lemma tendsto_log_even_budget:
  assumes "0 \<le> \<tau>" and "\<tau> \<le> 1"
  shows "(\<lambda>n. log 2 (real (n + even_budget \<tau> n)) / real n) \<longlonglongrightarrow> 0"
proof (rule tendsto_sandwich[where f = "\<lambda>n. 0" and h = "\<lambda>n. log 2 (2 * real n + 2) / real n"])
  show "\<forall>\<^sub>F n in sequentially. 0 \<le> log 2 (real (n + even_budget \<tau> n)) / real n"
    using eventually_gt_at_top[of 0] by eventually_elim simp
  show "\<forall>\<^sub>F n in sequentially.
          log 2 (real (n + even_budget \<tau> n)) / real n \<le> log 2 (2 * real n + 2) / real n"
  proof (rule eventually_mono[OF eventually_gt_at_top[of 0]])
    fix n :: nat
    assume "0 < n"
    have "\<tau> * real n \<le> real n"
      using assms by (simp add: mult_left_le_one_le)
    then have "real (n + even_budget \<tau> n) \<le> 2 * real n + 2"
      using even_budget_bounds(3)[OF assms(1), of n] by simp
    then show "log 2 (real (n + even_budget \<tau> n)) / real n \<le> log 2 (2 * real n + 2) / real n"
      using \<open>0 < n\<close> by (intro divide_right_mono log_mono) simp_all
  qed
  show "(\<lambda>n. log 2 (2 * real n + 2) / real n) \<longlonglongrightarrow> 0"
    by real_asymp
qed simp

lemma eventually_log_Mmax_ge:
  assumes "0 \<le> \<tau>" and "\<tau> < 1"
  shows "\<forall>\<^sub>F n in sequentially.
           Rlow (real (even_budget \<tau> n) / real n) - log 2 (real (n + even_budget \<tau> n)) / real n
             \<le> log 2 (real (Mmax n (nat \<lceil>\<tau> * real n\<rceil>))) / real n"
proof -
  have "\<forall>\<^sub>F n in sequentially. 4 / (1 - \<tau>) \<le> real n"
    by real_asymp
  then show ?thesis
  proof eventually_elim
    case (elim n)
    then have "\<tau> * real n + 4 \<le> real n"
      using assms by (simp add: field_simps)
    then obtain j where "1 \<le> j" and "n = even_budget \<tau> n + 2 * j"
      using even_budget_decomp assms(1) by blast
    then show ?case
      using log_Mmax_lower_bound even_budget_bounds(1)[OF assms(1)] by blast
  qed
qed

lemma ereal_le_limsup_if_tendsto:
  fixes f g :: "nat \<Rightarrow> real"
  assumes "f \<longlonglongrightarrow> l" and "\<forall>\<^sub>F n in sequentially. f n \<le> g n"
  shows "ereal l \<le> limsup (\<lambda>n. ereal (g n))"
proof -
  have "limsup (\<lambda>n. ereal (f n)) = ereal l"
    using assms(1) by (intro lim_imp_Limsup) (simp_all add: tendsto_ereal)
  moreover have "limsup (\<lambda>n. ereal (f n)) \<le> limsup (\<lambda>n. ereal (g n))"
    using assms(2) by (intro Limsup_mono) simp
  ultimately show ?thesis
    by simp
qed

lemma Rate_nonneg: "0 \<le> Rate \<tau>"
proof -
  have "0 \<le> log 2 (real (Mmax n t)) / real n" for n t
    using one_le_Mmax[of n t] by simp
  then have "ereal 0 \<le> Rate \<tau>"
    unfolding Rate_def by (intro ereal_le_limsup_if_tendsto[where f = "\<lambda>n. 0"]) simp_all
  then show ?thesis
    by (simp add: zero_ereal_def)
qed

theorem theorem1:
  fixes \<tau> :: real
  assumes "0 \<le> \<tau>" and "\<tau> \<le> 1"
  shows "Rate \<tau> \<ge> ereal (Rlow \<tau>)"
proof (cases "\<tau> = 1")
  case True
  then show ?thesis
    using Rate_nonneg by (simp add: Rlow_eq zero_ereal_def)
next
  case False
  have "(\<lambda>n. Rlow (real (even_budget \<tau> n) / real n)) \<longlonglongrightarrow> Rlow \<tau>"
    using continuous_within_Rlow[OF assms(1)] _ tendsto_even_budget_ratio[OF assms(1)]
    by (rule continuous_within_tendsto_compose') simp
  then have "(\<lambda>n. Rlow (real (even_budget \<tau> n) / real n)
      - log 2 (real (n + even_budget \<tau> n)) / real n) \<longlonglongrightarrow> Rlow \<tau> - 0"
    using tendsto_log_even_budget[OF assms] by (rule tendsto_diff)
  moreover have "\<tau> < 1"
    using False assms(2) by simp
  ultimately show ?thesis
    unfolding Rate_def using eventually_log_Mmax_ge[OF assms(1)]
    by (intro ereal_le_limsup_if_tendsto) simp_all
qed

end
********************
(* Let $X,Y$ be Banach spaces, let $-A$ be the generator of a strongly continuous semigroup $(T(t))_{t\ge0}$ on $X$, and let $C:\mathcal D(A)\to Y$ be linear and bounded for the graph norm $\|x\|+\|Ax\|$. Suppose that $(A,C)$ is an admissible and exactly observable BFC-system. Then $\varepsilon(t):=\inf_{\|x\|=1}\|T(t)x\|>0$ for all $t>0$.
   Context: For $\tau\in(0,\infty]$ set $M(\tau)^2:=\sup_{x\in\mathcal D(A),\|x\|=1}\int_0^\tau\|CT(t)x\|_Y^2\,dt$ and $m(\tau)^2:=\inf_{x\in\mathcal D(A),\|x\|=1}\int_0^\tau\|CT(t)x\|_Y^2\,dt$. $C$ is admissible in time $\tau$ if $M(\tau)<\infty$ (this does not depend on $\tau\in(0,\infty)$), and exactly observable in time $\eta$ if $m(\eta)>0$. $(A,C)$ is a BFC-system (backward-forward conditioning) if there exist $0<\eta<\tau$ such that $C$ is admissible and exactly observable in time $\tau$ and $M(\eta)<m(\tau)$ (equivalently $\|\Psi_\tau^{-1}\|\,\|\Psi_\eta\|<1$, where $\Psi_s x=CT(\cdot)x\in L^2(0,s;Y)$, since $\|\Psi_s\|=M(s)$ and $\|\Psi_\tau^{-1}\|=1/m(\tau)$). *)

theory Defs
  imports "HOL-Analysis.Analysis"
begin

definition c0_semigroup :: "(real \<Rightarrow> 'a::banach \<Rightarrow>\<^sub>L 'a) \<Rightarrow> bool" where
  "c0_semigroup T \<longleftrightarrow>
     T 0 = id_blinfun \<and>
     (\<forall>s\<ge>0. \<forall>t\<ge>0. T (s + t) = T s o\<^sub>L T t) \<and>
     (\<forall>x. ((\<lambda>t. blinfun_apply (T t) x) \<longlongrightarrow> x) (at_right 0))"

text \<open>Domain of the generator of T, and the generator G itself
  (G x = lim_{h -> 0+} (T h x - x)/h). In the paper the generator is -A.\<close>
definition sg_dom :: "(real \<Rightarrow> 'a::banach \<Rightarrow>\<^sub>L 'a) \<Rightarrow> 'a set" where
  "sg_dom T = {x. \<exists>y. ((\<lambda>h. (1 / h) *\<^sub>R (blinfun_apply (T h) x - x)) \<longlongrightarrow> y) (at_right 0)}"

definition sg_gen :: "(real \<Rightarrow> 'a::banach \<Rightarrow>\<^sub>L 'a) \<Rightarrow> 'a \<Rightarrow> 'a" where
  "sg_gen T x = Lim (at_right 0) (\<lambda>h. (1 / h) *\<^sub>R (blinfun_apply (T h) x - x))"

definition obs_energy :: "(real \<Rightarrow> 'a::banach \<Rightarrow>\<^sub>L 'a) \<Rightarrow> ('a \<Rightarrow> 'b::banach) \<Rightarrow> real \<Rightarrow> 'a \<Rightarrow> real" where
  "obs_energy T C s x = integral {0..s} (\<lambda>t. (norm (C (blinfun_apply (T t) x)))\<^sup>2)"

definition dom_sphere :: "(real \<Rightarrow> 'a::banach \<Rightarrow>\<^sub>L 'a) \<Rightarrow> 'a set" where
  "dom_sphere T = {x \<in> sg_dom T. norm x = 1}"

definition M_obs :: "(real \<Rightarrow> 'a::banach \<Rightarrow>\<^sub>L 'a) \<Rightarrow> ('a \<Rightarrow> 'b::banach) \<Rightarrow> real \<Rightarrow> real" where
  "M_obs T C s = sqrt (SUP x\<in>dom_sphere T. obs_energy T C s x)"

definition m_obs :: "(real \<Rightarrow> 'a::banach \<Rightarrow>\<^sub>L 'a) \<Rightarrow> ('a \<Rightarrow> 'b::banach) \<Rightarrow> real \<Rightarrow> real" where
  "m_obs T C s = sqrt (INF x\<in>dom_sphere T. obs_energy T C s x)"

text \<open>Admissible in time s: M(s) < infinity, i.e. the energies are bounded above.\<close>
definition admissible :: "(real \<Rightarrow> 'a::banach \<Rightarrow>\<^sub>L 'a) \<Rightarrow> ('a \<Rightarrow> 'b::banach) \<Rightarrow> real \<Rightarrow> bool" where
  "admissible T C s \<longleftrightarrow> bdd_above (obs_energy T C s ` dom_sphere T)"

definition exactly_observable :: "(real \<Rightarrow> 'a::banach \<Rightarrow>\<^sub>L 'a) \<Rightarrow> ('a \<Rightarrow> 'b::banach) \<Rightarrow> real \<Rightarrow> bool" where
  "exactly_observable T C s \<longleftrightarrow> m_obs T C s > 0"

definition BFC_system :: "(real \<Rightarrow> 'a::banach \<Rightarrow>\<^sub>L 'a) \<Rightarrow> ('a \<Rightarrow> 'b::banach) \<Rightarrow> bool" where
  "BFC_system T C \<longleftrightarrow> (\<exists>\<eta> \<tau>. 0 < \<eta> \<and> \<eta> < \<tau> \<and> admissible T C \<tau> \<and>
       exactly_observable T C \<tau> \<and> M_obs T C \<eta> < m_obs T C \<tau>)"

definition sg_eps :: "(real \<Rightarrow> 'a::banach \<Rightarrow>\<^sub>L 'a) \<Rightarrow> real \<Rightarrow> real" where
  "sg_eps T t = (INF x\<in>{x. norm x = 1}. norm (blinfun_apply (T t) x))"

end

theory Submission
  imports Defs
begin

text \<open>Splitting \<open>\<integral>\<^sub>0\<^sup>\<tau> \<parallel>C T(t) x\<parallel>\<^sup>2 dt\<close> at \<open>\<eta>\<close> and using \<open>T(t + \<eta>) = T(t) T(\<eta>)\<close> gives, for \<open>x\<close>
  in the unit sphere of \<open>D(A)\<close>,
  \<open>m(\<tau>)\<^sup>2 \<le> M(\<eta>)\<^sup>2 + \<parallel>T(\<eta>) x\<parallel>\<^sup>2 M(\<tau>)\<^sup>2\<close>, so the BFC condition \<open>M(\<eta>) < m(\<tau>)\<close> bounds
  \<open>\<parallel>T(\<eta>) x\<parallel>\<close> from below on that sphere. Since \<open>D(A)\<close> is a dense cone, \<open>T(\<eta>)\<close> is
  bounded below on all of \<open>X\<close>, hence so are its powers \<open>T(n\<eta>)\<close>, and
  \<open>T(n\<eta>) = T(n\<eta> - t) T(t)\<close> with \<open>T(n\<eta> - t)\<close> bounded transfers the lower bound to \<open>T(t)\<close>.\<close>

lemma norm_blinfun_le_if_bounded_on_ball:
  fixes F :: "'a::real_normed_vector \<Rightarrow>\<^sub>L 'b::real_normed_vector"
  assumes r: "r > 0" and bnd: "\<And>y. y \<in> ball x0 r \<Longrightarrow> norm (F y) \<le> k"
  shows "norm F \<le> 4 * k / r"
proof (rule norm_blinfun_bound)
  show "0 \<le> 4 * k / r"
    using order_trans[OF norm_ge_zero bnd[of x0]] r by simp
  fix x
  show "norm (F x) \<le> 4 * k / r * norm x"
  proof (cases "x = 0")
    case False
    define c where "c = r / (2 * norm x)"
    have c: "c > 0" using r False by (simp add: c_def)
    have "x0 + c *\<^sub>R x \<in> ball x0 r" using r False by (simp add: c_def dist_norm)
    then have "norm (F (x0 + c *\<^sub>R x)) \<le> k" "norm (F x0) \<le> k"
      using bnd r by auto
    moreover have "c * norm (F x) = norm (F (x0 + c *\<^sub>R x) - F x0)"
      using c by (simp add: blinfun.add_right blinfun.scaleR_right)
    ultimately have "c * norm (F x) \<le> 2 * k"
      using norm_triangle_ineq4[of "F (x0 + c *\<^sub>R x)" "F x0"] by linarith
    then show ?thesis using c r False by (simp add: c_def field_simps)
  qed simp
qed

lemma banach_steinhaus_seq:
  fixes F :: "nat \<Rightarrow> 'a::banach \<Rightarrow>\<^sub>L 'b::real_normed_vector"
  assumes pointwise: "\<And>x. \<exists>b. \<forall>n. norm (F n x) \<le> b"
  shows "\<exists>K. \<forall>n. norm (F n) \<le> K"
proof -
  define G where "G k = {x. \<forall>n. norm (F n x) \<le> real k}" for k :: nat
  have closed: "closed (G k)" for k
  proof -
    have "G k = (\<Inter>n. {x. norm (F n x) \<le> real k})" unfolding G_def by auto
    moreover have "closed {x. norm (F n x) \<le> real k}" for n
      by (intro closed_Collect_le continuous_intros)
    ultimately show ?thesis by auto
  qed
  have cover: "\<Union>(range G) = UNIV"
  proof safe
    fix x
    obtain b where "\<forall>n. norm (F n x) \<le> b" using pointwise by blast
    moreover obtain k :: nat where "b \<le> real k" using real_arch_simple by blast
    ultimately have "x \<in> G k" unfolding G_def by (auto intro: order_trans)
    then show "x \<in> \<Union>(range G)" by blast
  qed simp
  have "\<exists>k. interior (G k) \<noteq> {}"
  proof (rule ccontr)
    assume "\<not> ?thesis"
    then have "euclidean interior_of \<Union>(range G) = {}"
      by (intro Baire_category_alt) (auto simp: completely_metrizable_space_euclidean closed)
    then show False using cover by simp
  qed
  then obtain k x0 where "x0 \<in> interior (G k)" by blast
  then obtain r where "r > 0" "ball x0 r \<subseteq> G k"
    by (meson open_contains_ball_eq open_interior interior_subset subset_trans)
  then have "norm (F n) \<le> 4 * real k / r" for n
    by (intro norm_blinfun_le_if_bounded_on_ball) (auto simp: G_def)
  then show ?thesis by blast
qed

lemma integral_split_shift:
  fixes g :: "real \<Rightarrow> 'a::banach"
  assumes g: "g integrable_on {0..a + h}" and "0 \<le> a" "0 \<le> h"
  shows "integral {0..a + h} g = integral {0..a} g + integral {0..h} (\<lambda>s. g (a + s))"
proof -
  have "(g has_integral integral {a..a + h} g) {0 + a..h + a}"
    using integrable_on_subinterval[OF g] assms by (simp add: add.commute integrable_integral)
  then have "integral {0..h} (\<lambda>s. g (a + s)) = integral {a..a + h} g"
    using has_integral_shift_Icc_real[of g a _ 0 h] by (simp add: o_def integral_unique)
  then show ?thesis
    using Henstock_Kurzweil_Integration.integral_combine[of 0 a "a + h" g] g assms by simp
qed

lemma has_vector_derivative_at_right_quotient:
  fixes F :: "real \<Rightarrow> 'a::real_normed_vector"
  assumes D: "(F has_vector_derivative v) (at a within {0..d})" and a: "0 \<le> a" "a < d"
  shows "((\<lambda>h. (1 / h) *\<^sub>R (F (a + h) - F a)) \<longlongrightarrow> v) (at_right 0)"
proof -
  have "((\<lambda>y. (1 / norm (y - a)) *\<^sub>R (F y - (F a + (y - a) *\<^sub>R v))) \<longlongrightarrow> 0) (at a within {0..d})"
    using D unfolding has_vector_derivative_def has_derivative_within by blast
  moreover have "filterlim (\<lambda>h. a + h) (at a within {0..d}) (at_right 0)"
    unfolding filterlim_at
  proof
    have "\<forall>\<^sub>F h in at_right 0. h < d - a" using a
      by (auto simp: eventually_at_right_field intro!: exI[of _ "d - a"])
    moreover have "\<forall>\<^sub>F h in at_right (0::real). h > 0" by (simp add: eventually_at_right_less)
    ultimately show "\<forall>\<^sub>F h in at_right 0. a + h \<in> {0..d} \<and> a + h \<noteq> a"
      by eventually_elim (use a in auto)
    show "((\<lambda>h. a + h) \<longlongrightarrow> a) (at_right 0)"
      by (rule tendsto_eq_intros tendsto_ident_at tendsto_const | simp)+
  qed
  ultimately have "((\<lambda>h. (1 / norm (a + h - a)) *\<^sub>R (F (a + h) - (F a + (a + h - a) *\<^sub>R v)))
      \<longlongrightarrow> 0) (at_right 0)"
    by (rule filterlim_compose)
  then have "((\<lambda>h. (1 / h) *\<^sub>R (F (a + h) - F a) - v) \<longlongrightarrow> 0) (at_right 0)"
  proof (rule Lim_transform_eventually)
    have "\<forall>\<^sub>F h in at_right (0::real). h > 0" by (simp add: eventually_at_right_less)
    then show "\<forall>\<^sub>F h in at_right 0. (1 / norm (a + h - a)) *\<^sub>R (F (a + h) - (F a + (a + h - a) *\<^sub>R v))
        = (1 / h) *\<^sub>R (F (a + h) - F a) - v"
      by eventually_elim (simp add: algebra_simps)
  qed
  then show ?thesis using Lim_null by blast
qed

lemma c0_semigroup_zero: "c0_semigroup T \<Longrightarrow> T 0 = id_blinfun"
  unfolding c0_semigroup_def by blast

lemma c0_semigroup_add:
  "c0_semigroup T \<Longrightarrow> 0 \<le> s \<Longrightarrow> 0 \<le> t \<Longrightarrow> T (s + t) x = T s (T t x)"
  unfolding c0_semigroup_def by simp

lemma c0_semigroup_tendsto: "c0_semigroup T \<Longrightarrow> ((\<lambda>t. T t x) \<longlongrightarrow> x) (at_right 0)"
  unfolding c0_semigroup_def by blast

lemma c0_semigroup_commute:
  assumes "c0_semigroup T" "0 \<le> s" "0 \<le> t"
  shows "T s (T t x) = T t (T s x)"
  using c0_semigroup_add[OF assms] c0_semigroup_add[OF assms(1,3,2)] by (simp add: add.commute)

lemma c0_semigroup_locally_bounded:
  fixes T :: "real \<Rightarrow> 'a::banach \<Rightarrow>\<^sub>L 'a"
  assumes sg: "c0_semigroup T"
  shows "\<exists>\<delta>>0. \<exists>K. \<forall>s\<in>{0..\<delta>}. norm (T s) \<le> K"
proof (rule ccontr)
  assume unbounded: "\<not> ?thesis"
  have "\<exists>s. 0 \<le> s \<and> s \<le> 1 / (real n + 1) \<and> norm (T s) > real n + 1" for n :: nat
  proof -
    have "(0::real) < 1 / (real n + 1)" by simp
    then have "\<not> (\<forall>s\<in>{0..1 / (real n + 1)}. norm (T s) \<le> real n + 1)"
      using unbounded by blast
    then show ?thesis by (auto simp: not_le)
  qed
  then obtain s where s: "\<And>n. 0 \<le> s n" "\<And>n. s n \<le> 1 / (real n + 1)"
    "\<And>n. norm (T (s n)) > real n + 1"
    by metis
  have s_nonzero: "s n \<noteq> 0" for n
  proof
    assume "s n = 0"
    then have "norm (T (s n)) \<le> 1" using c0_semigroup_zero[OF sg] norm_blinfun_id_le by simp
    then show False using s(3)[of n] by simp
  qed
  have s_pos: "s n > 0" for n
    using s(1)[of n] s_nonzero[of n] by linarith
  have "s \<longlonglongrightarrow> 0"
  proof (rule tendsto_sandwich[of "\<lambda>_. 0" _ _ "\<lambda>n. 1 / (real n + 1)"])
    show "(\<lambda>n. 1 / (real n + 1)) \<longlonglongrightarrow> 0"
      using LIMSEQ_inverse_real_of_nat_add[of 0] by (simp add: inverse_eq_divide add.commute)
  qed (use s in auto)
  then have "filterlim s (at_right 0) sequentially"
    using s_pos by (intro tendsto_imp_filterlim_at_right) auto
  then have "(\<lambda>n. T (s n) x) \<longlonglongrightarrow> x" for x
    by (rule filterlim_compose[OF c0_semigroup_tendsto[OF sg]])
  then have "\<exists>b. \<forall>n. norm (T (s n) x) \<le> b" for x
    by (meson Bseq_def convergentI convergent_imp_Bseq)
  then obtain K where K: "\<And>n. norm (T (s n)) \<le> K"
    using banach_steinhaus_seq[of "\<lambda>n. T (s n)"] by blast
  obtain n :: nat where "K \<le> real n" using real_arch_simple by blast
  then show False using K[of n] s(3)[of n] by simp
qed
********************
● Required work
Using the records above, list each line that includes "obtain".

● Solution
    then obtain j where "1 \<le> j" and "n = even_budget \<tau> n + 2 * j"
    obtain b where "\<forall>n. norm (F n x) \<le> b" using pointwise by blast
    moreover obtain k :: nat where "b \<le> real k" using real_arch_simple by blast
  then obtain k x0 where "x0 \<in> interior (G k)" by blast
  then obtain r where "r > 0" "ball x0 r \<subseteq> G k"
  then obtain s where s: "\<And>n. 0 \<le> s n" "\<And>n. s n \<le> 1 / (real n + 1)"
  then obtain K where K: "\<And>n. norm (T (s n)) \<le> K"
  obtain n :: nat where "K \<le> real n" using real_arch_simple by blast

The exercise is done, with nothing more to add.